Самым ужасным был рассказ о преступнике по имени Носатый Джордж, которого арестовали за ограбление дилижанса у Майлз-Сити. Его отвезли в Роулинз, глухое местечко в Вайоминге, чтобы он предстал перед судом. Однако местные жители решили не ждать суда; они ворвались в тюрьму и линчевали арестованного. Одним из зрителей на этом кровавом спектакле был врач по фамилии Осборн, он-то и перерезал веревку после того, как толпа разошлась. Будучи мастером своего дела, он снял с жертвы посмертную маску, а потом содрал с трупа кожу и выдубил ее. Рассказывали, что впоследствии Осборн сделал из кожи преступника новый саквояж для медицинских инструментов.

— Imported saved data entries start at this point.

text \<open>The Simes test with the factor \<open>|J|\<close> replaced by \<open>c\<close>. Indices \<open>i > |J|\<close> impose no
  condition, so acceptance by the genuine test is the case \<open>c = |J|\<close>.\<close>

definition simes_accept :: "(nat \<Rightarrow> real) \<Rightarrow> real \<Rightarrow> real \<Rightarrow> nat set \<Rightarrow> bool" where
  "simes_accept p \<alpha> c J \<longleftrightarrow> (\<forall>i\<ge>1. card {j\<in>J. c * p j \<le> real i * \<alpha>} < i)"

lemma not_simes_rej_iff_simes_accept:
  assumes "finite J"
  shows "\<not> simes_rej p \<alpha> J \<longleftrightarrow> simes_accept p \<alpha> (card J) J"
proof -
  have "real (card J) * pord p i J \<le> real i * \<alpha> \<longleftrightarrow>
      i \<le> card {j\<in>J. real (card J) * p j \<le> real i * \<alpha>}" if i: "i \<in> {1..card J}" for i
  proof -
    have pos: "real (card J) > 0" using i by auto
    have "real (card J) * pord p i J \<le> real i * \<alpha> \<longleftrightarrow> pord p i J \<le> real i * \<alpha> / real (card J)"
      using pos by (simp add: field_simps)
    also have "\<dots> \<longleftrightarrow> i \<le> card {j\<in>J. p j \<le> real i * \<alpha> / real (card J)}"
      using pord_le_iff[OF assms] i by auto
    also have "{j\<in>J. p j \<le> real i * \<alpha> / real (card J)} = {j\<in>J. real (card J) * p j \<le> real i * \<alpha>}"
      using pos by (auto simp: field_simps)
    finally show ?thesis .
  qed
  moreover have "card {j\<in>J. real (card J) * p j \<le> real i * \<alpha>} < i" if "card J < i" for i
    using that card_mono[OF assms, of "{j\<in>J. real (card J) * p j \<le> real i * \<alpha>}"] by auto
  ultimately show ?thesis
    unfolding simes_rej_def simes_accept_def by (meson atLeastAtMost_iff not_le)
qed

В эту холодящую душу историю Келли никак не могла поверить, даже после того как Калеб поклялся, что все это произошло на самом деле.
Хотя Келли и увлекали дикие рассказы мужа, она предпочитала тихие, спокойные вечера, которые супруги проводили перед камином, мечтая о будущем, гадая, родится ли мальчик, или девочка, споря о том, какое дать имя малышу. Иногда Келли читала вслух Шекспира или Диккенса, но Калеб не слишком жаловал подобную литературу и отдавал предпочтение местным газетам.

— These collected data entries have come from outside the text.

lemma simeq_wn_exp_iter:
  "simeq (\<lambda>r. real (wn (Suc k) r)) (\<lambda>r. (exp ^^ Suc k) (real r))"
proof -
  have mono_wn_real: "mono (\<lambda>r. real (wn (Suc k) r))"
    using mono_wn[of "Suc k"] by (simp add: mono_def del: wn.simps(2))
  have wn_le: "real (wn (Suc k) r) \<le> real (k + 3) * (exp ^^ Suc k) (real ((k + 3) * r))"
    if "1 \<le> r" for r
  proof -
    have "real (wn (Suc k) r) \<le> (exp ^^ Suc k) (2 * real r + real k + 1)"
      by (rule wn_le_exp_iter)
    also have "\<dots> \<le> (exp ^^ Suc k) (real ((k + 3) * r))"
      using that mult_left_mono[of 1 "real r" "real k"]
      by (intro monoD[OF mono_exp_iter]) (simp add: algebra_simps)
    also have "\<dots> \<le> real (k + 3) * (exp ^^ Suc k) (real ((k + 3) * r))"
      by (simp add: exp_iter_nonneg)
    finally show ?thesis .
  qed
  have exp_iter_le: "(exp ^^ Suc k) (real r) \<le> real 8 * real (wn (Suc k) (8 * r))"
    if "1 \<le> r" for r
    using exp_iter_le_wn[OF that, of "Suc k"] exp_iter_nonneg[of "real r" "Suc k"] by simp
  have "preceq (\<lambda>r. real (wn (Suc k) r)) (\<lambda>r. (exp ^^ Suc k) (real r))"
    by (rule preceq_if_ge_one[where C = "k + 3", OF mono_exp_iter_of_nat _ _ wn_le]) simp_all
  moreover have "preceq (\<lambda>r. (exp ^^ Suc k) (real r)) (\<lambda>r. real (wn (Suc k) r))"
    by (rule preceq_if_ge_one[where C = 8, OF mono_wn_real _ _ exp_iter_le])
      (simp_all add: wn_Suc_pos del: wn.simps(2))
  ultimately show ?thesis by (simp add: simeq_def)
qed

theorem lemma5p1:
  fixes n :: nat
  assumes "n \<ge> 1"
  shows "simeq (\<lambda>r. real (\<Sum>i=0..wn (n - 1) r. wlen ((phi ^^ i) xi))) (\<lambda>r. real (wn n r))
       \<and> simeq (\<lambda>r. real (wn n r)) (\<lambda>r. (exp ^^ n) (real r))
       \<and> simeq (\<lambda>r. real (\<Sum>i=0..wn (n - 1) r. wlen ((phi ^^ i) xi))) (\<lambda>r. (exp ^^ n) (real r))"
proof -
  obtain k where n: "n = Suc k" using assms by (cases n) auto
  have mono_sum: "mono (\<lambda>r. real (\<Sum>i=0..wn k r. wlen ((phi ^^ i) xi)))"
  proof (rule monoI)
    fix r s :: nat
    assume "r \<le> s"
    then have "wn k r \<le> wn k s" by (rule monoD[OF mono_wn])
    then show "real (\<Sum>i=0..wn k r. wlen ((phi ^^ i) xi)) \<le> real (\<Sum>i=0..wn k s. wlen ((phi ^^ i) xi))"
      unfolding of_nat_le_iff by (intro sum_mono2) auto
  qed
  have "simeq (\<lambda>r. real (\<Sum>i=0..wn k r. wlen ((phi ^^ i) xi))) (\<lambda>r. (exp ^^ Suc k) (real r))"
    using simeq_trans[OF simeq_sum_orbit_len_wn simeq_wn_exp_iter mono_sum mono_exp_iter_of_nat]
    by (simp add: exp_iter_nonneg sum_nonneg)
  then show ?thesis
    using simeq_sum_orbit_len_wn simeq_wn_exp_iter by (simp add: n)
qed

end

К удивлению молодой женщины, они стали много времени проводить в обществе Энжелы и Ричарда – ходили с ними в театр или играли дома в карты. Келли не могла избавиться от мысли, что они образуют довольно странный квартет, особенно если учесть то, что произошло между ними. Однако ее радовали приезды Энжелы. Калеб, конечно, сочувствовал недомоганиям и болям, сопутствующим позднему сроку ее беременности, но лишь Энжела могла понять ее по-настоящему.

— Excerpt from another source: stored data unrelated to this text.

(* The categorical algebra $\Delta_\Bbbk$ is a free right $\Omega$-module, where $\Omega\subseteq\Delta_\Bbbk$ is the unital subalgebra generated by the elements $1_n$ and $d_{0,n}$, $n\in\mathbb{N}$.
   Context: $\Bbbk$ is a field. $\Delta$ is the skeletal category of finite well-ordered sets $[n]=\{0<\cdots<n\}$ with order-preserving maps, with generating coface maps $\partial^n_i\colon[n]\to[n+1]$ and codegeneracy maps $\sigma^n_i\colon[n+1]\to[n]$. The categorical algebra $\Delta_\Bbbk$ (also written $\Delta$) is the $\Bbbk$-algebra with basis the morphisms of $\Delta$, multiplication given by composition when composable and $0$ otherwise; $1_n$ is the identity of $[n]$. For $0\le i\le n$, $d_{i,n}=\sum_{j=i}^n(-1)^j\partial^n_j$; in particular $d_{0,n}=\sum_{i=0}^n(-1)^i\partial^n_i$. Right $\Omega$-modules are chain complexes of $\Bbbk$-vector spaces. *)

theory Defs
  imports Main
begin

text \<open>A morphism [m] -> [n] of the simplex category is encoded as a triple (m, n, f)
  with f monotone on {0..m}, f maps {0..m} into {0..n}, and f i = 0 for i > m
  (so the encoding is unique).\<close>

type_synonym mor = "nat \<times> nat \<times> (nat \<Rightarrow> nat)"

definition src :: "mor \<Rightarrow> nat" where "src \<phi> = fst \<phi>"
definition tgt :: "mor \<Rightarrow> nat" where "tgt \<phi> = fst (snd \<phi>)"
definition fn :: "mor \<Rightarrow> nat \<Rightarrow> nat" where "fn \<phi> = snd (snd \<phi>)"

definition valid_mor :: "mor \<Rightarrow> bool" where
  "valid_mor \<phi> \<longleftrightarrow>
     (\<forall>i\<le>src \<phi>. fn \<phi> i \<le> tgt \<phi>) \<and>
     (\<forall>i j. i \<le> j \<longrightarrow> j \<le> src \<phi> \<longrightarrow> fn \<phi> i \<le> fn \<phi> j) \<and>
     (\<forall>i. src \<phi> < i \<longrightarrow> fn \<phi> i = 0)"

definition mcomp :: "mor \<Rightarrow> mor \<Rightarrow> mor" where
  "mcomp \<phi> \<chi> = (src \<chi>, tgt \<phi>, \<lambda>i. if i \<le> src \<chi> then fn \<phi> (fn \<chi> i) else 0)"

text \<open>Elements of the categorical algebra: finitely supported k-linear combinations of morphisms.\<close>
definition supp :: "(mor \<Rightarrow> 'k::field) \<Rightarrow> mor set" where
  "supp x = {\<phi>. x \<phi> \<noteq> 0}"

definition delta_alg :: "(mor \<Rightarrow> 'k::field) set" where
  "delta_alg = {x. finite (supp x) \<and> (\<forall>\<phi>. x \<phi> \<noteq> 0 \<longrightarrow> valid_mor \<phi>)}"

Время шло, и Келли все больше волновалась по мере приближения родов. Она пыталась убедить себя, что деторождение – естественное дело, что миллионы женщин ежедневно производят на свет детей. Ее мать родила ее – и осталась жива. Но… но все равно она страшилась боли – о ней с такой готовностью нашептывали дамы, с которыми она время от времени встречалась, боялась, что умрет, давая жизнь ребенку.
Сейчас она сидела у окна, положив руку на живот, и смотрела в темноту. Келли беззвучно молилась, чтобы ее страхи оказались напрасными. Она оглянулась на кровать, где мирно посапывал Калеб, и почувствовала, как от одного взгляда на мужа заколотилось сердце. Он стал смыслом ее жизни, его улыбка была ей дороже солнца. Келли никогда не думала, что мужчина, тем более наполовину индеец, может быть таким нежным. Теперь они уже не могли быть близки, но Калеб постоянно обнимал ее, прижимал к себе, шептал о своей любви и о том, что Келли сказочно красива. Это было божественно приятно, даже если слова его не совсем соответствовали истине. В конце концов у нее имелось зеркало.
Когда у Келли затекала спина, Калеб растирал ее, легонько целуя в шею и нашептывая слова любви; а когда посреди ночи ей вдруг хотелось шоколада, он седлал коня и скакал в центр, поднимал с постели бедную миссис Пибоди и привозил любимой коробку желанных шоколадных конфет. Калеб обнимал ее, когда без всякой видимой причины она разражалась рыданиями, укачивал, как ребенка, когда ей не спалось, даже пел колыбельные песни на своем тягучем гортанном языке.